MATERIALS PROVIDED:

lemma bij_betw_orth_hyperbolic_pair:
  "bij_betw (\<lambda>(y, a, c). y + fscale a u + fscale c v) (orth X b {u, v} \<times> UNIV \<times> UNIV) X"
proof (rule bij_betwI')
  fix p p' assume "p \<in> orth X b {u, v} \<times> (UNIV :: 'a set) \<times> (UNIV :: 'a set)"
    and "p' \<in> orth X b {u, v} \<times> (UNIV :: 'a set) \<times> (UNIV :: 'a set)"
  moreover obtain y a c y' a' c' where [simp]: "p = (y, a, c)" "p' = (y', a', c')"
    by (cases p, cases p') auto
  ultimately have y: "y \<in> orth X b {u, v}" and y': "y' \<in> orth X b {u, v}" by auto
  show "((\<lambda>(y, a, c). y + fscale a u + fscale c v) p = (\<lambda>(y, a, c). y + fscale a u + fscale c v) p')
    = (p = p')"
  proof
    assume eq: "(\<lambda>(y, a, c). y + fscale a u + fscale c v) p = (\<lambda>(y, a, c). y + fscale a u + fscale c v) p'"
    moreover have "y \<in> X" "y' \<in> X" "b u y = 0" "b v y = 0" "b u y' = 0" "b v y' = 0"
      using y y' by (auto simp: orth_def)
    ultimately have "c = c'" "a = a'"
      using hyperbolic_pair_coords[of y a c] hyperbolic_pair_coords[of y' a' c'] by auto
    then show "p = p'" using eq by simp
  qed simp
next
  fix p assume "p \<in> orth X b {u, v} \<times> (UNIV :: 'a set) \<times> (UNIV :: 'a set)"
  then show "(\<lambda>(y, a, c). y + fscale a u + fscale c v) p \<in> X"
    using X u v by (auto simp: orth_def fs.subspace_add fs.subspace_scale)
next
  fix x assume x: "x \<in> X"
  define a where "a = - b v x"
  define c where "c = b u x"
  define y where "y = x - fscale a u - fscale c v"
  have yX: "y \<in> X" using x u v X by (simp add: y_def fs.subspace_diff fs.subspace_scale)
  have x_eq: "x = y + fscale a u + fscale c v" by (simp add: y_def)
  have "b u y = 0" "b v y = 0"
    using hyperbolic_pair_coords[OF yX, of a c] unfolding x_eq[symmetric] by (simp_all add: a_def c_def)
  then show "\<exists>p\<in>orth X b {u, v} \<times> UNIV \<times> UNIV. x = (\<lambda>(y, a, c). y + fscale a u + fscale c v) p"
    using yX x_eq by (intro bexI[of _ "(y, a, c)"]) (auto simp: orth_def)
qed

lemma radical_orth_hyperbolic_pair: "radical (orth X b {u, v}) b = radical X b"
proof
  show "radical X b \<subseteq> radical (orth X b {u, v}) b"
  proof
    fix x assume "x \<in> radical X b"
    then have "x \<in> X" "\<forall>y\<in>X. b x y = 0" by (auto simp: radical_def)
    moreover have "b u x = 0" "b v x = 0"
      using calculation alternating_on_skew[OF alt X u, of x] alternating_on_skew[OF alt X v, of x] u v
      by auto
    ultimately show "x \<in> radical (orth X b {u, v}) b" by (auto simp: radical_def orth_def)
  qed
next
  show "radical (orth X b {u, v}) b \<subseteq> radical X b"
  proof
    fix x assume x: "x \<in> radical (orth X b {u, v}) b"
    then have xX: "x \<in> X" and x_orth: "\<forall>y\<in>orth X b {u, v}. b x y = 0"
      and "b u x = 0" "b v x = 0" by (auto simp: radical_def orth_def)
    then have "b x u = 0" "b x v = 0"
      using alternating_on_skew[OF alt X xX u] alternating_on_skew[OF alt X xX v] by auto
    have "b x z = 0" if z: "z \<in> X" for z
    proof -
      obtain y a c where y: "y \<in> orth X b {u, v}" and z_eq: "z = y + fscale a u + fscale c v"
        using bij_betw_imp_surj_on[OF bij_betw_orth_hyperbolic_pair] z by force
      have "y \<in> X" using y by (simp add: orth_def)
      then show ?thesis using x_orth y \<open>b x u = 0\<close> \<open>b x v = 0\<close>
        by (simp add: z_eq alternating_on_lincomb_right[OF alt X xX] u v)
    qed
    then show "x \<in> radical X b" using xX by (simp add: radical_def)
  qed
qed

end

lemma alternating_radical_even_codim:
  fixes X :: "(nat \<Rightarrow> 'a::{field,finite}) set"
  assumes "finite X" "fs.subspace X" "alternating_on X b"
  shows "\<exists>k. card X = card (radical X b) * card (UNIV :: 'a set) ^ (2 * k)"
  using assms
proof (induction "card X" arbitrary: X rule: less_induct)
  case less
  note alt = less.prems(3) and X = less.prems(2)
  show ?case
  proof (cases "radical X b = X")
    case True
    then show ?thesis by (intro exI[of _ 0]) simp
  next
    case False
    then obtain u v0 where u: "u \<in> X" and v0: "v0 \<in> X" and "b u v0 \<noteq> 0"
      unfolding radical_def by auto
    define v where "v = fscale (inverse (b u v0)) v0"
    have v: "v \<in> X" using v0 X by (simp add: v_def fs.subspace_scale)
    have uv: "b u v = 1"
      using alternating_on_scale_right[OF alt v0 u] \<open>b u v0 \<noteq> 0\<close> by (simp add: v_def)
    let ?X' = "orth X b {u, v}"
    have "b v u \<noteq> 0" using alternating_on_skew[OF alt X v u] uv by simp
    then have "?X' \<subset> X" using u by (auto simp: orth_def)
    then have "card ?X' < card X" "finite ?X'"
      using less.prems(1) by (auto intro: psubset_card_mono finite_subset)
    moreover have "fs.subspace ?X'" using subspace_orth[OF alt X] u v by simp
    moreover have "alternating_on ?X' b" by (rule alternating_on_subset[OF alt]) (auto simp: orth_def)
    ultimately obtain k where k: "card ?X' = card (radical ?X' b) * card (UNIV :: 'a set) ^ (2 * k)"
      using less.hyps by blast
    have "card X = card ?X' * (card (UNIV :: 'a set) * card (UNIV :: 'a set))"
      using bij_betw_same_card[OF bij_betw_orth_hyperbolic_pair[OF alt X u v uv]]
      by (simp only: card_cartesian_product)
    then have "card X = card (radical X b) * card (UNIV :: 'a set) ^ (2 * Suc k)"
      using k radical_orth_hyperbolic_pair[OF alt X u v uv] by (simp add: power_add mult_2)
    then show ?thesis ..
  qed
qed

DIRECTIONS:
All lines of the listing that contain the word "forall" should be copied out.

ANSWER TO THE EXERCISE:
    then have "x \<in> X" "\<forall>y\<in>X. b x y = 0" by (auto simp: radical_def)
    then have xX: "x \<in> X" and x_orth: "\<forall>y\<in>orth X b {u, v}. b x y = 0"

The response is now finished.